___ DATASET CONTENT
lemma not_entry_oracle: "n \<le> i \<Longrightarrow> \<not> entry (mat_vec_oracle n E q) i"
  unfolding entry_def mat_vec_oracle_def by simp

primrec ask_batch :: "'i list \<Rightarrow> ('i \<Rightarrow> bool list) \<Rightarrow> (('i \<Rightarrow> bool list) \<Rightarrow> 'r) \<Rightarrow> 'r qtree" where
  "ask_batch [] Q f = Leaf (f (\<lambda>_. []))"
| "ask_batch (i # is) Q f = Ask (Q i) (\<lambda>a. ask_batch is Q (\<lambda>g. f (g(i := a))))"

lemma run_ask_batch:
  "run orc (ask_batch is Q f) = (f (\<lambda>i. if i \<in> set is then orc (Q i) else []), length is)"
proof (induction "is" arbitrary: f)
  case (Cons i "is")
  have "(\<lambda>j. if j \<in> set is then orc (Q j) else [])(i := orc (Q i))
      = (\<lambda>j. if j \<in> set (i # is) then orc (Q j) else [])"
    by auto
  then show ?case using Cons.IH by (simp add: Let_def)
qed simp

definition marked :: "(nat \<times> nat) set \<Rightarrow> nat \<Rightarrow> nat \<Rightarrow> bool" where
  "marked B k u \<longleftrightarrow> Suc (level B u) mod 2 ^ Suc k = 2 ^ k"

definition query :: "nat \<Rightarrow> nat list \<Rightarrow> nat \<Rightarrow> nat \<Rightarrow> bool list" where
  "query n lv k b = map (\<lambda>u. Suc (lv ! u) mod 2 ^ Suc k = 2 ^ k \<and> bit u b) [0..<n]"

lemma entry_query:
  assumes "branching n B" "x < n"
  shows "entry (mat_vec_oracle n (closure_graph n B) (query n (map (level B) [0..<n]) k b)) x
    \<longleftrightarrow> odd (card {u \<in> ancestors B x. marked B k u \<and> bit u b})"
proof -
  have "query n (map (level B) [0..<n]) k b = map (\<lambda>u. marked B k u \<and> bit u b) [0..<n]"
    unfolding query_def marked_def by (rule map_cong) auto
  then show ?thesis using entry_closure_oracle[OF assms] by simp
qed

text \<open>
  The vertex name n stands for a virtual root at depth 0: every answer vector reads False
  there, the parity of its empty set of ancestors.
\<close>

definition ancestor_at_depth :: "(nat \<times> nat) set \<Rightarrow> nat \<Rightarrow> nat \<Rightarrow> nat \<Rightarrow> nat \<Rightarrow> bool" where
  "ancestor_at_depth B n v t w \<longleftrightarrow> (t = 0 \<and> w = n) \<or> (w \<in> ancestors B v \<and> Suc (level B w) = t)"

definition decode :: "nat \<Rightarrow> (nat \<times> nat \<Rightarrow> bool list) \<Rightarrow> nat \<Rightarrow> nat \<Rightarrow> nat \<Rightarrow> nat" where
  "decode K g k v w = horner_sum of_bool 2 (map (\<lambda>b. entry (g (k, b)) v \<noteq> entry (g (k, b)) w) [0..<K])"

primrec descend :: "nat \<Rightarrow> (nat \<times> nat \<Rightarrow> bool list) \<Rightarrow> nat \<Rightarrow> nat \<Rightarrow> nat \<Rightarrow> nat \<Rightarrow> nat" where
  "descend K g v l w 0 = w"
| "descend K g v l w (Suc k) = descend K g v l (if bit l k then decode K g k v w else w) k"

definition valid_round :: "(nat \<times> nat) set \<Rightarrow> nat \<Rightarrow> nat \<Rightarrow> (nat \<times> nat \<Rightarrow> bool list) \<Rightarrow> nat \<Rightarrow> bool" where
  "valid_round B n K g k \<longleftrightarrow> (\<forall>b<K. \<not> entry (g (k, b)) n \<and>
     (\<forall>x<n. entry (g (k, b)) x \<longleftrightarrow> odd (card {u \<in> ancestors B x. marked B k u \<and> bit u b})))"

lemma marked_ancestors_window:
  assumes br: "branching n B"
    and lv: "level B v < c * 2 ^ Suc k + 2 ^ Suc k"
    and a: "a \<in> ancestors B v" "Suc (level B a) = c * 2 ^ Suc k + 2 ^ k"
  shows "{u \<in> ancestors B v. marked B k u}
    = insert a {u \<in> ancestors B v. level B u < c * 2 ^ Suc k \<and> marked B k u}"
proof (intro equalityI subsetI)
  fix u assume u: "u \<in> {u \<in> ancestors B v. marked B k u}"
  show "u \<in> insert a {u \<in> ancestors B v. level B u < c * 2 ^ Suc k \<and> marked B k u}"
  proof (cases "level B u < c * 2 ^ Suc k")
    case False
    have "level B u \<le> level B v" using level_mono[OF branching_finite[OF br]] u by simp
    then have "Suc (level B u) \<le> c * 2 ^ Suc k + 2 ^ Suc k" using lv by linarith
    moreover have "c * 2 ^ Suc k < Suc (level B u)" using False by simp
    ultimately have "Suc (level B u) = c * 2 ^ Suc k + 2 ^ k"
      using u unfolding marked_def by (intro eq_of_mod_eq_in_block) simp_all
    then have "u = a"
      using inj_onD[OF inj_on_level_ancestors[OF br, where v = v], of u a] a u by auto
    then show ?thesis by simp
  qed (use u in simp)
next
  have "marked B k a" using a(2) unfolding marked_def by simp
  then show "u \<in> {u \<in> ancestors B v. marked B k u}"
    if "u \<in> insert a {u \<in> ancestors B v. level B u < c * 2 ^ Suc k \<and> marked B k u}" for u
    using that a(1) by auto
qed

lemma entry_ancestor_at_depth:
  assumes br: "branching n B" and v: "v < n" and round: "valid_round B n K g k"
    and w: "ancestor_at_depth B n v t w" and b: "b < K"
  shows "entry (g (k, b)) w
    \<longleftrightarrow> odd (card {u \<in> ancestors B v. level B u < t \<and> marked B k u \<and> bit u b})"
  using w unfolding ancestor_at_depth_def
proof (elim disjE conjE)
  assume "t = 0" "w = n"
  then show ?thesis using round b unfolding valid_round_def by simp
next
  assume w: "w \<in> ancestors B v" "Suc (level B w) = t"
  then have "ancestors B w = {u \<in> ancestors B v. level B u < t}"
    unfolding ancestors_of_ancestor[OF br w(1)] by auto
  then show ?thesis
    using round b ancestors_less[OF br v w(1)] unfolding valid_round_def by (simp add: conj_assoc)
qed

lemma decode_correct:
  assumes br: "branching n B" and v: "v < n" and nK: "n \<le> 2 ^ K"
    and round: "valid_round B n K g k"
    and w: "ancestor_at_depth B n v (c * 2 ^ Suc k) w"
    and lv: "level B v < c * 2 ^ Suc k + 2 ^ Suc k"
    and a: "a \<in> ancestors B v" "Suc (level B a) = c * 2 ^ Suc k + 2 ^ k"
  shows "decode K g k v w = a"
proof -
  define W where "W = {u \<in> ancestors B v. level B u < c * 2 ^ Suc k}"
  have "W \<subseteq> ancestors B v" unfolding W_def by blast
  then have "finite W" using finite_ancestors[OF branching_finite[OF br]] by (rule finite_subset)
  have "(0::nat) < 2 ^ k" by simp
  with a(2) have "\<not> level B a < c * 2 ^ Suc k" by linarith
  then have "a \<notin> W" unfolding W_def by blast
  have marked_split: "{u \<in> ancestors B v. marked B k u} = insert a {u \<in> W. marked B k u}"
    using marked_ancestors_window[OF br lv a] unfolding W_def by auto
  have entry_w: "entry (g (k, b)) w \<longleftrightarrow> odd (card {u \<in> W. marked B k u \<and> bit u b})"
    if "b < K" for b
    using entry_ancestor_at_depth[OF br v round w that] unfolding W_def by (simp add: conj_assoc)
  have "entry (g (k, b)) v \<noteq> entry (g (k, b)) w \<longleftrightarrow> bit a b" if "b < K" for b
  proof -
    have "card {u \<in> ancestors B v. marked B k u \<and> bit u b}
        = card {u \<in> W. marked B k u \<and> bit u b} + of_bool (bit a b)"
    proof (cases "bit a b")
      case True
      then have "{u \<in> ancestors B v. marked B k u \<and> bit u b} = insert a {u \<in> W. marked B k u \<and> bit u b}"
        using marked_split \<open>W \<subseteq> ancestors B v\<close> unfolding set_eq_iff by auto
      then show ?thesis using True \<open>a \<notin> W\<close> \<open>finite W\<close> by simp
    next
      case False
      then have "{u \<in> ancestors B v. marked B k u \<and> bit u b} = {u \<in> W. marked B k u \<and> bit u b}"
        using marked_split \<open>W \<subseteq> ancestors B v\<close> unfolding set_eq_iff by auto
      then show ?thesis using False by simp
    qed
    then show ?thesis using round that v entry_w[OF that] unfolding valid_round_def by auto
  qed
  then have "decode K g k v w = horner_sum of_bool 2 (map (bit a) [0..<K])"
    unfolding decode_def by (intro arg_cong[where f = "horner_sum of_bool 2"] map_cong) auto
  also have "\<dots> = take_bit K a" by (rule horner_sum_bit_eq_take_bit)
  also have "\<dots> = a" using ancestors_less[OF br v a(1)] nK by (simp add: take_bit_nat_eq_self)
  finally show ?thesis .
qed

lemma descend_step:
  assumes br: "branching n B" and v: "v < n" and nK: "n \<le> 2 ^ K"
    and round: "valid_round B n K g k"
    and w: "ancestor_at_depth B n v (2 ^ Suc k * (level B v div 2 ^ Suc k)) w"
  shows "ancestor_at_depth B n v (2 ^ k * (level B v div 2 ^ k))
    (if bit (level B v) k then decode K g k v w else w)"
proof -
  define l where "l = level B v"
  define c where "c = l div 2 ^ Suc k"
  have depth: "2 ^ k * (l div 2 ^ k) = c * 2 ^ Suc k + 2 ^ k * of_bool (bit l k)"
    using times_div_two_power_Suc[of k l] unfolding c_def by (simp only: mult.commute)
  have w: "ancestor_at_depth B n v (c * 2 ^ Suc k) w"
    using w unfolding c_def l_def by (simp only: mult.commute)
  show ?thesis
  proof (cases "bit l k")
    case False
    then have "2 ^ k * (l div 2 ^ k) = c * 2 ^ Suc k" using depth by simp
    then show ?thesis using w False unfolding l_def[symmetric] by (simp only: if_False)
  next
    case True
    have "2 ^ k * (l div 2 ^ k) \<le> l" by (simp add: times_div_less_eq_dividend)
    then have "c * 2 ^ Suc k + 2 ^ k - 1 \<in> level B ` ancestors B v"
      using True depth level_image_ancestors[OF br, of v] unfolding l_def by auto
    then obtain a where "a \<in> ancestors B v" and "level B a = c * 2 ^ Suc k + 2 ^ k - 1"
      by (metis imageE)
    then have a: "a \<in> ancestors B v" "Suc (level B a) = c * 2 ^ Suc k + 2 ^ k" by simp_all
    have "l mod 2 ^ Suc k < 2 ^ Suc k" by simp
    then have "level B v < c * 2 ^ Suc k + 2 ^ Suc k"
      using div_mult_mod_eq[of l "2 ^ Suc k"] unfolding c_def l_def by linarith
    then have "decode K g k v w = a" by (rule decode_correct[OF br v nK round w _ a])
    then show ?thesis using True a depth unfolding l_def ancestor_at_depth_def by simp
  qed
qed

lemma descend_correct:
  assumes br: "branching n B" and v: "v < n" and nK: "n \<le> 2 ^ K"
    and w: "ancestor_at_depth B n v (2 ^ m * (level B v div 2 ^ m)) w"
    and rounds: "\<And>k. k < m \<Longrightarrow> valid_round B n K g k"
  shows "ancestor_at_depth B n v (level B v) (descend K g v (level B v) w m)"
  using w rounds
proof (induction m arbitrary: w)
  case (Suc k)
  then show ?case using descend_step[OF br v nK] by simp
qed simp

definition find_parents :: "nat \<Rightarrow> nat list \<Rightarrow> nat list qtree" where
  "find_parents n lv = (let K = ceillog2 n in
     ask_batch (List.product [0..<K] [0..<K]) (\<lambda>(k, b). query n lv k b)
       (\<lambda>g. map (\<lambda>v. descend K g v (lv ! v) n K) [0..<n]))"

lemma find_parents_query_count:
  "snd (run orc (find_parents n lv)) = ceillog2 n * ceillog2 n"
  unfolding find_parents_def Let_def run_ask_batch by simp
______
- [YOUR INSTRUCTIONS]
Reproduce exactly the section above that begins at the line containing "map (\<lambda>u. Suc" and ends at the line containing "K g v l w 0", leaving out all other lines.

- [TASK SOLUTION]
  "query n lv k b = map (\<lambda>u. Suc (lv ! u) mod 2 ^ Suc k = 2 ^ k \<and> bit u b) [0..<n]"

lemma entry_query:
  assumes "branching n B" "x < n"
  shows "entry (mat_vec_oracle n (closure_graph n B) (query n (map (level B) [0..<n]) k b)) x
    \<longleftrightarrow> odd (card {u \<in> ancestors B x. marked B k u \<and> bit u b})"
proof -
  have "query n (map (level B) [0..<n]) k b = map (\<lambda>u. marked B k u \<and> bit u b) [0..<n]"
    unfolding query_def marked_def by (rule map_cong) auto
  then show ?thesis using entry_closure_oracle[OF assms] by simp
qed

text \<open>
  The vertex name n stands for a virtual root at depth 0: every answer vector reads False
  there, the parity of its empty set of ancestors.
\<close>

definition ancestor_at_depth :: "(nat \<times> nat) set \<Rightarrow> nat \<Rightarrow> nat \<Rightarrow> nat \<Rightarrow> nat \<Rightarrow> bool" where
  "ancestor_at_depth B n v t w \<longleftrightarrow> (t = 0 \<and> w = n) \<or> (w \<in> ancestors B v \<and> Suc (level B w) = t)"

definition decode :: "nat \<Rightarrow> (nat \<times> nat \<Rightarrow> bool list) \<Rightarrow> nat \<Rightarrow> nat \<Rightarrow> nat \<Rightarrow> nat" where
  "decode K g k v w = horner_sum of_bool 2 (map (\<lambda>b. entry (g (k, b)) v \<noteq> entry (g (k, b)) w) [0..<K])"

primrec descend :: "nat \<Rightarrow> (nat \<times> nat \<Rightarrow> bool list) \<Rightarrow> nat \<Rightarrow> nat \<Rightarrow> nat \<Rightarrow> nat \<Rightarrow> nat" where
  "descend K g v l w 0 = w"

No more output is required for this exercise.